What this task involves. Locate and copy each line in the data that contains the word "linarith".

Dataset records.

fun quad_weight :: "role \<Rightarrow> nat + nat \<Rightarrow> nat + nat \<Rightarrow> real" where
  "quad_weight (Counter j i) =
     (if quad then block_quad_weights (counter_idx j 0) W (\<lambda>i1 i2. if i1 = i \<and> i2 < i then -2 else 0)
      else (\<lambda>_ _. 0))"
| "quad_weight (Wrap j) =
     (if quad then block_quad_weights (counter_idx j 0) W (\<lambda>i1 i2. - (2 ^ i1 * 2 ^ i2)) else (\<lambda>_ _. 0))"
| "quad_weight _ = (\<lambda>_ _. 0)"

fun threshold :: "role \<Rightarrow> real" where
  "threshold (Counter j i) = (if quad then real i - 1/2 else if i = 1 then - 1/2 else 1/2)"
| "threshold (Snapshot j i) = 3/2"
| "threshold (Wrap j) = (if quad then (real (lam j) - 2)\<^sup>2 - 1/2 else 1/2)"
| "threshold (AboveInput j) = 1/2"
| "threshold (BelowInput j) = 1/2"
| "threshold Started = -1"
| "threshold Pulse = latch_weight - real \<tau> - 1/2"
| "threshold Found = latch_weight - real \<tau> - 1/2"
| "threshold (QuotBit b) = real R * 2 ^ b - 1/2 - (real R - 2)"
| "threshold (RemBit b) = 2 ^ b - 1/2 - (real R - 2)"
| "threshold Unused = 1/2"

text \<open>For the decoded location \<open>x < R\<^sub>l\<close> the pulse comes at time \<open>x + 2\<close>; the quotient and then
  the remainder bits settle one per step after it.\<close>

definition net :: bnn where
  "net = \<lparr> nn = num_neurons, W2 = (\<lambda>k. quad_weight (role_of k)), W1 = (\<lambda>k. lin_weight (role_of k)),
          thr = (\<lambda>k. threshold (role_of k)), steps = R + qbits + xbits + 3,
          outs = map rem_idx [0..<xbits] \<rparr>"

lemma nn_net [simp]: "nn net = num_neurons"
  by (simp add: net_def)

lemma linear_net: "\<not> quad \<Longrightarrow> linear_bnn net"
proof -
  assume "\<not> quad"
  have "quad_weight r a b = 0" for r a b by (cases r) (simp_all add: if_not_P[OF \<open>\<not> quad\<close>])
  thus ?thesis by (simp add: linear_bnn_def net_def)
qed

definition state :: "(nat \<Rightarrow> nat) \<Rightarrow> nat \<Rightarrow> nat \<Rightarrow> bool" where
  "state u t = (bnn_step N net u ^^ t) (\<lambda>_. False)"

lemma state_0 [simp]: "state u 0 k = False"
  by (simp add: state_def)

lemma state_Suc:
  "k < num_neurons \<Longrightarrow> state u (Suc t) k \<longleftrightarrow> threshold (role_of k) < field N net k (activation u (state u t))"
  by (simp add: state_def bnn_step_def net_def)

lemma output_net:
  "bnn_output N net u = (\<Sum>b<xbits. if state u (R + qbits + xbits + 3) (rem_idx b) then 2 ^ b else 0)"
  by (simp add: bnn_output_def bnn_run_def state_def net_def)

definition counter_value :: "(nat \<Rightarrow> bool) \<Rightarrow> nat \<Rightarrow> real" where
  "counter_value s j = (\<Sum>i<W. digit_value i * of_bool (s (counter_idx j i)))"

definition snapshot_value :: "(nat \<Rightarrow> bool) \<Rightarrow> nat \<Rightarrow> real" where
  "snapshot_value s j = (\<Sum>i<W. digit_value i * of_bool (s (snapshot_idx j i)))"

definition mismatch_count :: "(nat \<Rightarrow> bool) \<Rightarrow> real" where
  "mismatch_count s = (\<Sum>i<2 * N. of_bool (s (above_idx 0 + i)))"

definition crt_sum :: "(nat \<Rightarrow> bool) \<Rightarrow> real" where
  "crt_sum s = (\<Sum>t<K * W. real (E (t div W)) * digit_value (t mod W) * of_bool (s (snapshot_idx 0 0 + t)))"

end

locale grid_decoder_wf = grid_decoder +
  assumes W_pos: "0 < W" and K_le_N: "K \<le> N" and tau_le_N: "\<tau> \<le> N"
    and lam_ge_2: "\<And>j. j < N \<Longrightarrow> 2 \<le> lam j"
    and lam_le_binary: "\<And>j. quad \<Longrightarrow> j < N \<Longrightarrow> lam j \<le> 2 ^ W"
    and lam_le_unary: "\<And>j. \<not> quad \<Longrightarrow> j < N \<Longrightarrow> lam j \<le> W"
begin

lemma role_of_counter [simp]: "j < N \<Longrightarrow> i < W \<Longrightarrow> role_of (counter_idx j i) = Counter j i"
  using block_index_less[of j N i W] by (simp add: role_of_def counter_idx_def)

lemma role_of_snapshot [simp]: "j < N \<Longrightarrow> i < W \<Longrightarrow> role_of (snapshot_idx j i) = Snapshot j i"
  using block_index_less[of j N i W] by (simp add: role_of_def snapshot_idx_def)

lemma role_of_simps [simp]:
  "j < N \<Longrightarrow> role_of (wrap_idx j) = Wrap j"
  "j < N \<Longrightarrow> role_of (above_idx j) = AboveInput j"
  "j < N \<Longrightarrow> role_of (below_idx j) = BelowInput j"
  "role_of started_idx = Started"
  "role_of pulse_idx = Pulse"
  "role_of found_idx = Found"
  "b < qbits \<Longrightarrow> role_of (quot_idx b) = QuotBit b"
  "b < xbits \<Longrightarrow> role_of (rem_idx b) = RemBit b"
  by (simp_all add: role_of_def wrap_idx_def above_idx_def below_idx_def started_idx_def
      pulse_idx_def found_idx_def quot_idx_def rem_idx_def num_neurons_def)

lemma counter_idx_less: "j < N \<Longrightarrow> i < W \<Longrightarrow> counter_idx j i < num_neurons"
  using block_index_less[of j N i W] by (simp add: counter_idx_def num_neurons_def started_idx_def)

lemma snapshot_idx_less: "j < N \<Longrightarrow> i < W \<Longrightarrow> snapshot_idx j i < num_neurons"
  using block_index_less[of j N i W] by (simp add: snapshot_idx_def num_neurons_def started_idx_def)

lemma idx_less:
  "j < N \<Longrightarrow> wrap_idx j < num_neurons"
  "j < N \<Longrightarrow> above_idx j < num_neurons"
  "j < N \<Longrightarrow> below_idx j < num_neurons"
  "started_idx < num_neurons" "pulse_idx < num_neurons" "found_idx < num_neurons"
  "b < qbits \<Longrightarrow> quot_idx b < num_neurons"
  "b < xbits \<Longrightarrow> rem_idx b < num_neurons"
  by (simp_all add: wrap_idx_def above_idx_def below_idx_def started_idx_def pulse_idx_def
      found_idx_def quot_idx_def rem_idx_def num_neurons_def)

lemma block_le_num_neurons:
  "j < N \<Longrightarrow> counter_idx j 0 + W \<le> num_neurons"
  "above_idx 0 + 2 * N \<le> num_neurons"
  "snapshot_idx 0 0 + K * W \<le> num_neurons"
  "quot_idx 0 + qbits \<le> num_neurons"
  "rem_idx 0 + xbits \<le> num_neurons"
proof -
  show "counter_idx j 0 + W \<le> num_neurons" if "j < N"
  proof -
    have "j * W + W \<le> N * W" using that by (metis add.commute mult_Suc mult_le_mono1 Suc_le_eq)
    thus ?thesis by (simp add: counter_idx_def num_neurons_def started_idx_def)
  qed
  have "K * W \<le> N * W" using K_le_N by (rule mult_le_mono1)
  thus "snapshot_idx 0 0 + K * W \<le> num_neurons"
    unfolding snapshot_idx_def num_neurons_def started_idx_def by linarith
qed (simp_all add: above_idx_def quot_idx_def rem_idx_def num_neurons_def started_idx_def)

lemma idx_add [simp]:
  "counter_idx j 0 + i = counter_idx j i" "snapshot_idx j 0 + i = snapshot_idx j i"
  "quot_idx 0 + b = quot_idx b" "rem_idx 0 + b = rem_idx b"
  by (simp_all add: counter_idx_def snapshot_idx_def quot_idx_def rem_idx_def)

lemma field_net: "field N net k z =
    (\<Sum>a\<in>units N net. \<Sum>b\<in>units N net. quad_weight (role_of k) a b * z a * z b)
    + (\<Sum>a\<in>units N net. lin_weight (role_of k) a * z a)"
  by (simp add: field_def net_def)

lemma field_above: "j < N \<Longrightarrow> field N net (above_idx j) (activation u s) = counter_value s j - real (u j)"
  using block_le_num_neurons(1)[of j]
  by (simp add: field_net sum.distrib distrib_right sum_block_weights sum_input_weight counter_value_def)

lemma field_below: "j < N \<Longrightarrow> field N net (below_idx j) (activation u s) = real (u j) - counter_value s j"
  using block_le_num_neurons(1)[of j]
  by (simp add: field_net sum.distrib distrib_right sum_block_weights sum_input_weight counter_value_def
      sum_negf)

lemma field_started: "field N net started_idx (activation u s) = 0"
  by (simp add: field_net)

lemma field_pulse: "field N net pulse_idx (activation u s)
    = - mismatch_count s - latch_weight * of_bool (s found_idx) + latch_weight * of_bool (s started_idx)"
  using block_le_num_neurons(2) idx_less(4,6)
  by (simp add: field_net sum.distrib distrib_right sum_block_weights sum_neuron_weight mismatch_count_def sum_negf)

lemma field_found: "field N net found_idx (activation u s)
    = - mismatch_count s + 3 * latch_weight * of_bool (s found_idx) + latch_weight * of_bool (s started_idx)"
  using block_le_num_neurons(2) idx_less(4,6)
  by (simp add: field_net sum.distrib distrib_right sum_block_weights sum_neuron_weight mismatch_count_def sum_negf)

lemma field_snapshot: "j < N \<Longrightarrow> i < W \<Longrightarrow> field N net (snapshot_idx j i) (activation u s)
    = 2 * of_bool (s (snapshot_idx j i)) + of_bool (s (counter_idx j i)) + of_bool (s pulse_idx)"
  using snapshot_idx_less[of j i] counter_idx_less[of j i] idx_less(5)
  by (simp add: field_net sum.distrib distrib_right sum_neuron_weight)

lemma field_quot_bit: "b < qbits \<Longrightarrow> field N net (quot_idx b) (activation u s)
    = crt_sum s + (\<Sum>b'<qbits. (if b < b' then - (real R * 2 ^ b') else 0) * of_bool (s (quot_idx b')))"
  using block_le_num_neurons(3,4)
  by (simp add: field_net sum.distrib distrib_right sum_block_weights crt_weights_def crt_sum_def)

lemma field_rem_bit: "b < xbits \<Longrightarrow> field N net (rem_idx b) (activation u s)
    = crt_sum s + (\<Sum>b'<qbits. - (real R * 2 ^ b') * of_bool (s (quot_idx b')))
       + (\<Sum>b'<xbits. (if b < b' then - (2 ^ b') else 0) * of_bool (s (rem_idx b')))"
  using block_le_num_neurons(3,4,5)
  by (simp add: field_net sum.distrib distrib_right sum_block_weights crt_weights_def crt_sum_def)

subsection \<open>The counters\<close>

lemma field_counter_binary:
  assumes binary: quad and j: "j < N" and i: "i < W"
  shows "field N net (counter_idx j i) (activation u s)
     = (2 * of_bool (s (counter_idx j i)) - 1) * (real i - 1/2 - (\<Sum>i'<i. of_bool (s (counter_idx j i'))))
       + (real i - 1/2) - (2 * real W + 2) * of_bool (s (wrap_idx j))"
proof -
  define b :: "nat \<Rightarrow> real" where "b i' = of_bool (s (counter_idx j i'))" for i'
  have "field N net (counter_idx j i) (activation u s)
     = (\<Sum>i1<W. \<Sum>i2<W. (if i1 = i \<and> i2 < i then -2 else 0) * b i1 * b i2)
       + ((\<Sum>i'<W. (if i' = i then 2 * real i - 1 else if i' < i then 1 else 0) * b i')
       - (2 * real W + 2) * of_bool (s (wrap_idx j)))"
    using block_le_num_neurons(1)[of j] idx_less(1)[of j] j i
    by (simp add: field_net if_P[OF binary] sum_block_quad_weights sum.distrib distrib_right sum_block_weights
        sum_neuron_weight b_def del: sum_mult_of_bool_eq)
  also have "\<dots> = (2 * b i - 1) * (real i - 1/2 - (\<Sum>i'<i. b i'))
       + (real i - 1/2) - (2 * real W + 2) * of_bool (s (wrap_idx j))"
    unfolding sum_lower_weights[OF i] sum_lower_pairs[OF i] by (simp add: algebra_simps)
  finally show ?thesis by (simp add: b_def)
qed

lemma field_wrap_binary:
  assumes binary: quad and j: "j < N"
  shows "field N net (wrap_idx j) (activation u s)
     = - (counter_value s j)\<^sup>2 + 2 * (real (lam j) - 2) * counter_value s j"
proof -
  define b :: "nat \<Rightarrow> real" where "b i' = of_bool (s (counter_idx j i'))" for i'
  have "field N net (wrap_idx j) (activation u s)
     = (\<Sum>i1<W. \<Sum>i2<W. - (2 ^ i1 * 2 ^ i2) * b i1 * b i2)
       + (\<Sum>i<W. 2 * (real (lam j) - 2) * 2 ^ i * b i)"
    using block_le_num_neurons(1)[of j] j
    by (simp add: field_net if_P[OF binary] sum_block_quad_weights sum_block_weights b_def del: sum_mult_of_bool_eq)
  also have "\<dots> = - (\<Sum>i<W. 2 ^ i * b i)\<^sup>2 + 2 * (real (lam j) - 2) * (\<Sum>i<W. 2 ^ i * b i)"
    by (simp add: power2_eq_square sum_product sum_distrib_left sum_negf mult_ac)
  finally show ?thesis by (simp add: counter_value_def digit_value_def if_P[OF binary] b_def)
qed

lemma state_wrap_binary:
  assumes binary: quad and j: "j < N" and n: "n < lam j"
    and digits: "counter_value (state u t) j = real n"
  shows "state u (Suc t) (wrap_idx j) \<longleftrightarrow> n = lam j - 2"
proof -
  have "state u (Suc t) (wrap_idx j)
      \<longleftrightarrow> (real (lam j) - 2)\<^sup>2 - 1/2 < - (real n)\<^sup>2 + 2 * (real (lam j) - 2) * real n"
    using idx_less(1)[OF j] by (simp add: state_Suc field_wrap_binary[OF binary j] digits j if_P[OF binary])
  also have "\<dots> \<longleftrightarrow> (real n - (real (lam j) - 2))\<^sup>2 < 1/2"
  proof -
    have "(real n - (real (lam j) - 2))\<^sup>2
        = (real n)\<^sup>2 - 2 * (real (lam j) - 2) * real n + (real (lam j) - 2)\<^sup>2"
      by (simp add: power2_eq_square algebra_simps)
    thus ?thesis by linarith
  qed
  also have "\<dots> \<longleftrightarrow> real n = real (lam j) - 2"
  proof
    assume "(real n - (real (lam j) - 2))\<^sup>2 < 1/2"
    hence "int n - (int (lam j) - 2) = 0" by (intro of_int_eq_0_if_square_less_half) simp
    thus "real n = real (lam j) - 2" by simp
  qed simp
  also have "\<dots> \<longleftrightarrow> n = lam j - 2" using lam_ge_2[OF j] by auto
  finally show ?thesis .
qed

lemma state_counter_binary_Suc:
  assumes binary: quad and j: "j < N" and i: "i < W" and n: "n < lam j"
    and digits: "\<And>i. i < W \<Longrightarrow> state u t (counter_idx j i) = bit n i"
    and wrap: "state u t (wrap_idx j) \<longleftrightarrow> n = lam j - 1"
  shows "state u (Suc t) (counter_idx j i) = bit (if n = lam j - 1 then 0 else n + 1) i"
proof -
  define A where "A = card {i'\<in>{..<i}. bit n i'}"
  have A_le: "A \<le> i" unfolding A_def by (rule card_filter_lessThan_le)
  have "(\<Sum>i'<i. of_bool (state u t (counter_idx j i')) :: real) = real A"
    using i digits by (simp add: A_def Int_def)
  hence "state u (Suc t) (counter_idx j i) \<longleftrightarrow> real i - 1/2 <
      (2 * of_bool (bit n i) - 1) * (real i - 1/2 - real A) + (real i - 1/2)
      - (2 * real W + 2) * of_bool (n = lam j - 1)"
    using counter_idx_less[OF j i] j i
    by (simp add: state_Suc field_counter_binary[OF binary j i] digits[OF i] wrap if_P[OF binary])
  also have "\<dots> \<longleftrightarrow> bit (if n = lam j - 1 then 0 else n + 1) i"
  proof (cases "n = lam j - 1")
    case True
    have "(2 * of_bool (bit n i) - 1) * (real i - 1/2 - real A) \<le> 2 * real W + 2"
      using A_le i by (cases "bit n i") auto
    thus ?thesis using True by simp
  next
    case False
    have "bit (n + 1) i \<longleftrightarrow> (bit n i \<noteq> (A = i))"
      unfolding bit_Suc_iff A_def card_filter_lessThan_eq_iff low_bits_set_iff ..
    moreover have "real i - 1/2 < (2 * of_bool (bit n i) - 1) * (real i - 1/2 - real A) + (real i - 1/2)
        \<longleftrightarrow> (bit n i \<noteq> (A = i))"
      using A_le by (cases "bit n i") auto
    ultimately show ?thesis using False by simp
  qed
  finally show ?thesis .
qed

Solution to the problem.
    unfolding snapshot_idx_def num_neurons_def started_idx_def by linarith
    thus ?thesis by linarith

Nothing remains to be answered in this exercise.